L’hôpital n’est pas la propriété d’un élu, ni d’une ville, ni d’un parti

Nouvelle déconvenue politique pour le maire RN de Castres, Florian Azéma. Après sa défaite au printemps face au maire de Mazamet, Olivier Fabre, pour la présidence de la communauté d’agglomération Castres-Mazamet, l’édile castrais échoue cette fois à prendre la tête du conseil de surveillance du centre hospitalier intercommunal Castres-Mazamet. Un revers qui confirme le basculement des équilibres politiques.

Florian Azéma subit une nouvelle défaite. Quelques semaines après la bataille pour la présidence de la communauté d’agglomération Castres-Mazamet, le maire de Mazamet, Olivier Fabre, a été élu mercredi président du conseil de surveillance du centre hospitalier intercommunal Castres-Mazamet, avec un score de huit voix contre trois.

Cette victoire renforce l’influence d’Olivier Fabre sur les institutions locales. En avril dernier, il avait déjà remporté la présidence de la communauté d’agglomération en fédérant 30 voix contre 26, et en promettant une « gouvernance partagée ».

Deux mois plus tard, les tensions politiques se cristallisent autour de l’hôpital du Pays d’Autan.
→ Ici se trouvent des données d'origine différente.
lemma hua_hom: "h \<in> hua sim1 U p0 pinf \<Longrightarrow> \<exists>h'\<in>hua sim2 V (phi p0) (phi pinf). phi \<circ> h = h' \<circ> phi"
  unfolding hua_gen_hua_generators
proof (rule gen_intertwining[OF B1.hua_generator_bij B2.hua_generator_bij])
  fix s assume "s \<in> hua_generators sim1 U p0 pinf"
  then obtain x y where x: "is_unit sim1 p0 pinf x" and y: "is_unit sim1 p0 pinf y"
    and s: "s = mu U p0 pinf y \<circ> mu U p0 pinf x"
    unfolding hua_generators_def by blast
  then have "mu V (phi p0) (phi pinf) (phi y) \<circ> mu V (phi p0) (phi pinf) (phi x)
      \<in> hua_generators sim2 V (phi p0) (phi pinf)"
    unfolding hua_generators_def using is_unit_hom by blast
  moreover have "phi \<circ> s = (mu V (phi p0) (phi pinf) (phi y) \<circ> mu V (phi p0) (phi pinf) (phi x)) \<circ> phi"
    using mu_hom[OF x] mu_hom[OF y] by (simp add: s fun_eq_iff)
  ultimately show "\<exists>t\<in>hua_generators sim2 V (phi p0) (phi pinf). phi \<circ> s = t \<circ> phi" by blast
qed

end

theorem mainTheorem8:
  fixes sim1 :: "'a \<Rightarrow> 'a \<Rightarrow> bool" and U :: "'a \<Rightarrow> ('a \<Rightarrow> 'a) set"
    and sim2 :: "'b \<Rightarrow> 'b \<Rightarrow> bool" and V :: "'b \<Rightarrow> ('b \<Rightarrow> 'b) set"
    and phi :: "'a \<Rightarrow> 'b"
  assumes hom: "lm_hom sim1 U sim2 V phi"
  shows
    "(\<forall>x. (\<exists>!th. theta_prop U V phi x th) \<and> theta_prop U V phi x (theta U V phi x) \<and>
         (\<forall>u1\<in>U x. \<forall>u2\<in>U x. theta U V phi x (u2 \<circ> u1) = theta U V phi x u2 \<circ> theta U V phi x u1))
   \<and> (\<forall>x. \<forall>u\<in>U x. \<forall>v\<in>V (phi x). \<forall>x'. \<not> sim1 x x' \<longrightarrow> phi (u x') = v (phi x')
         \<longrightarrow> v = theta U V phi x u)
   \<and> (\<forall>p0 pinf q0 qinf. \<not> sim1 p0 pinf \<longrightarrow> \<not> sim2 q0 qinf \<longrightarrow> phi p0 = q0 \<longrightarrow> phi pinf = qinf \<longrightarrow>
       (\<forall>x. \<not> sim1 x pinf \<longrightarrow>
          theta U V phi pinf (alpha U p0 pinf x) = alpha V q0 qinf (phi x) \<and>
          phi (neg U p0 pinf x) = neg V q0 qinf (phi x))
     \<and> (\<forall>x. is_unit sim1 p0 pinf x \<longrightarrow>
          is_unit sim2 q0 qinf (phi x) \<and>
          phi \<circ> mu U p0 pinf x = mu V q0 qinf (phi x) \<circ> phi \<and>
          (\<forall>g\<in>U p0. \<forall>h\<in>U p0. mu U p0 pinf x = h \<circ> alpha U p0 pinf x \<circ> g \<longrightarrow>
             mu V q0 qinf (phi x) = theta U V phi p0 h \<circ> alpha V q0 qinf (phi x) \<circ> theta U V phi p0 g))
     \<and> (\<forall>x. is_unit sim1 p0 pinf x \<longrightarrow> phi (tilde U p0 pinf x) = tilde V q0 qinf (phi x))
     \<and> (\<forall>h\<in>hua sim1 U p0 pinf. \<exists>h'\<in>hua sim2 V q0 qinf. phi \<circ> h = h' \<circ> phi))"
proof -
  interpret lm_homomorphism sim1 U sim2 V phi
    by (fact lm_homomorphism.intro[OF hom])
  have basis: "lm_homomorphism_basis sim1 U sim2 V phi p0 pinf" if "\<not> sim1 p0 pinf" for p0 pinf
    by (intro lm_homomorphism_basis.intro lm_homomorphism.intro lm_homomorphism_basis_axioms.intro hom that)
  show ?thesis
    apply (intro conjI allI ballI impI)
    subgoal by (fact theta_prop_ex1)
    subgoal by (fact theta_prop_theta)
    subgoal by (rule theta_comp)
    subgoal by (rule theta_eqI)
    subgoal premises P
      using lm_homomorphism_basis.theta_alpha[OF basis[OF P(1)] P(5)] unfolding P(3,4) .
    subgoal premises P
      using lm_homomorphism_basis.neg_hom[OF basis[OF P(1)] P(5)] unfolding P(3,4) .
    subgoal premises P
      using lm_homomorphism_basis.is_unit_hom[OF basis[OF P(1)] P(5)] unfolding P(3,4) .
    subgoal premises P
      using lm_homomorphism_basis.mu_hom[OF basis[OF P(1)] P(5)] unfolding P(3,4) .
    subgoal premises P
      using lm_homomorphism_basis.mu_hom_factor(1)[OF basis[OF P(1)] P(5-8)] unfolding P(3,4) .
    subgoal premises P
      using lm_homomorphism_basis.tilde_hom[OF basis[OF P(1)] P(5)] unfolding P(3,4) .
    subgoal premises P
      using lm_homomorphism_basis.hua_hom[OF basis[OF P(1)] P(5)] unfolding P(3,4) .
    done
qed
Florian Azéma a dénoncé dans un communiqué « la politique politicienne », regrettant qu’Olivier Fabre ait présenté sa candidature pour un poste traditionnellement occupé par le maire de la ville-centre. L’édile castrais a qualifié cette situation de « précédent inédit » et a exprimé son mécontentement vis-à-vis du vote qui a conduit à sa défaite.

Olivier Fabre a fermement rejeté cette analyse, rappelant que l’élection a été décidée par des représentants de la société civile et des professionnels de santé, dont sept des onze votants n’étaient pas des élus.

Le maire de Mazamet a rétorqué : « Être élu serait un droit absolu que personne ne pourrait lui contester », soulignant que les professionnels de santé avaient fait le choix de l’élire. Il a ajouté : « L’hôpital n’est pas la propriété d’un élu, ni d’une ville, ni d’un parti. »

Cette élection marque un changement significatif dans les rapports de force locaux. La ville de Castres, longtemps dominante, voit émerger un contre-pouvoir avec Mazamet. Pour Florian Azéma et le Rassemblement national, ce revers est un coup dur, après la perte de la présidence de l’agglomération.

Il reste à déterminer si cette rivalité institutionnelle entraînera un blocage des projets communs ou si les deux hommes parviendront à collaborer sur des questions d’intérêt commun, telles que le développement économique et les infrastructures.